Nonostante le condanne, restano molti dubbi sulle reali responsabilità dietro la strage. Giuseppe Costanza, autista di Falcone e unico sopravvissuto dell’auto del magistrato, ha più volte dichiarato che la verità completa non è emersa. Secondo lui, l’attentato è stato concepito da menti più raffinate di Riina e potrebbe essere stato un depistaggio.

Si ipotizza anche l’esistenza di un secondo commando, a giudicare dai materiali esplosivi rinvenuti che non combaciano con quelli descritti da pentiti della mafia.

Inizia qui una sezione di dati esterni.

lemma boundary_equilibrium_stable:
  assumes "0 < \<epsilon>"
  shows "\<exists>\<delta>>0. \<forall>u v. fear_solution a1 a2 b1 b2 c1 c2 k u v \<and> 0 < u 0 \<and> 0 < v 0 \<and>
    dist (u 0, v 0) (a1 / b1, 0) < \<delta> \<longrightarrow> (\<forall>t\<ge>0. dist (u t, v t) (a1 / b1, 0) < \<epsilon>)"
proof -
  define K where "K = a2 * k + c2 + 4 * c1 * (a1 / b1)"
  have "0 < K" using a1_pos a2_pos b1_pos c1_pos c2_pos k_nonneg unfolding K_def
    by (simp add: add_nonneg_pos add_pos_pos)
  define \<rho> where "\<rho> = min (min (a1 / b1) (- invasion_rate (a1 / b1) / (2 * K))) (\<epsilon> / 2)"
  have "0 < - invasion_rate (a1 / b1) / (2 * K)"
    using \<open>0 < K\<close> invasion_rate_equilibrium_neg by (simp add: divide_neg_pos)
  then have "0 < \<rho>" using a1_pos b1_pos \<open>0 < \<epsilon>\<close> unfolding \<rho>_def by simp
  moreover have "\<rho> \<le> a1 / b1" "\<rho> \<le> \<epsilon> / 2" unfolding \<rho>_def by (simp, rule min.cobounded2)
  ultimately have \<rho>: "0 < \<rho>" "\<rho> \<le> a1 / b1" "\<rho> \<le> \<epsilon> / 2" by blast+
  have "\<rho> \<le> - invasion_rate (a1 / b1) / (2 * K)" unfolding \<rho>_def by simp
  then have "\<rho> * K \<le> - invasion_rate (a1 / b1) / 2" using \<open>0 < K\<close> by (simp add: field_simps)
  then have small: "\<rho> * (a2 * k + c2 + 4 * c1 * (a1 / b1)) \<le> - invasion_rate (a1 / b1) / 2"
    unfolding K_def .
  define \<delta> where "\<delta> = min 1 (min (\<rho>^2) (\<epsilon> / 2) / 2)"
  have "0 < \<delta>" "\<delta> \<le> 1" "2 * \<delta> \<le> min (\<rho>^2) (\<epsilon> / 2)"
    using \<rho>(1) \<open>0 < \<epsilon>\<close> unfolding \<delta>_def by auto
  moreover have "dist (u t, v t) (a1 / b1, 0) < \<epsilon>"
    if "fear_solution a1 a2 b1 b2 c1 c2 k u v" "0 < u 0" "0 < v 0"
      "dist (u 0, v 0) (a1 / b1, 0) < \<delta>" "0 \<le> t" for u v t
  proof -
    interpret fear_exclusion_trajectory a1 a2 b1 b2 c1 c2 k u v
      using that(1-3) by (rule fear_exclusion_trajectoryI)
    have "lyapunov (u 0) (v 0) < min (\<rho>^2) (\<epsilon> / 2)"
      using lyapunov_less_if_near[OF that(4) \<open>\<delta> \<le> 1\<close>] \<open>2 * \<delta> \<le> min (\<rho>^2) (\<epsilon> / 2)\<close> by linarith
    then show ?thesis by (rule dist_boundary_equilibrium_less[OF \<rho> small _ that(5)])
  qed
  ultimately show ?thesis by blast
qed

lemma gas_boundary_equilibrium: "gas_positive (fear_solution a1 a2 b1 b2 c1 c2 k) (a1 / b1) 0"
  unfolding gas_positive_def
proof (intro conjI allI impI boundary_equilibrium_stable)
  fix u v assume "fear_solution a1 a2 b1 b2 c1 c2 k u v \<and> 0 < u 0 \<and> 0 < v 0"
  then interpret fear_exclusion_trajectory a1 a2 b1 b2 c1 c2 k u v
    by (intro fear_exclusion_trajectoryI) auto
  show "((\<lambda>t. (u t, v t)) \<longlongrightarrow> (a1 / b1, 0)) at_top" by (rule tendsto_boundary_equilibrium)
qed

end

theorem mainTheorem1:
  fixes a1 a2 b1 b2 c1 c2 k :: real
  assumes "a1 > 0" "a2 > 0" "b1 > 0" "b2 > 0" "c1 > 0" "c2 > 0" "k \<ge> 0"
    and "c2 / b1 < a2 / a1" "a2 / a1 < b2 / c1"
    and "b1 * b2 - c1 * c2 > 0"
    and "b2 * b1 > 2 * c1 * c2"
    and "k > (b1^2 * a2 - a1 * c2 * b1) / (a1^2 * c2)"
  shows "gas_positive (fear_solution a1 a2 b1 b2 c1 c2 k) (a1 / b1) 0"
proof -
  interpret fear_competition a1 a2 b1 b2 c1 c2 k
    using assms(1-7) by unfold_locales
  have "a2 * c1 < a1 * b2" using \<open>a2 / a1 < b2 / c1\<close> \<open>a1 > 0\<close> \<open>c1 > 0\<close> by (simp add: field_simps)
  moreover have "invasion_rate (a1 / b1) < 0" using invasion_rate_neg_iff assms(12) by simp
  ultimately interpret fear_exclusion a1 a2 b1 b2 c1 c2 k by unfold_locales
  show ?thesis by (rule gas_boundary_equilibrium)
qed

end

Il caso di Pietro Rampulla, esperto di esplosivi che doveva premere il telecomando ma si ritirò all’ultimo momento, aggiunge un altro tassello di suspence. Le sue motivazioni restano sconosciute, e questo ha alimentato ulteriori sospetti.

Ulteriori ombre sull’indagine

Tra le ombre, resta anche il mistero su chi abbia manomesso i computer di Falcone dopo l’attentato e su quali interlocutori influenti Riina avesse prima della strage. Le indagini non hanno chiarito i possibili collegamenti esterni alla mafia, lasciando aperte molte piste investigative.

La strage di capaci tra storia e memoria ancor oggi viva

La strage di Capaci rappresenta un momento cruciale nella storia italiana. Ha segnato una perdita dolorosa e ha ispirato un impegno pubblico che continua dopo tanti anni. Falcone e le vittime di quella tragica mattina sono diventati simboli di una lotta ancora in corso, non solo contro la mafia ma anche contro il silenzio e le complicità.

Il ricordo di quei momenti spinge ancora a riflettere sulle difficoltà che la giustizia incontra in presenza di organizzazioni radicate e violente. Quella bomba ha distrutto un pezzo d’autostrada ma anche la vita di persone che avevano scelto di resistere. Il dibattito rimane acceso sulle responsabilità nascoste e su come la società italiana possa proteggere chi combatte la criminalità sotto ogni forma.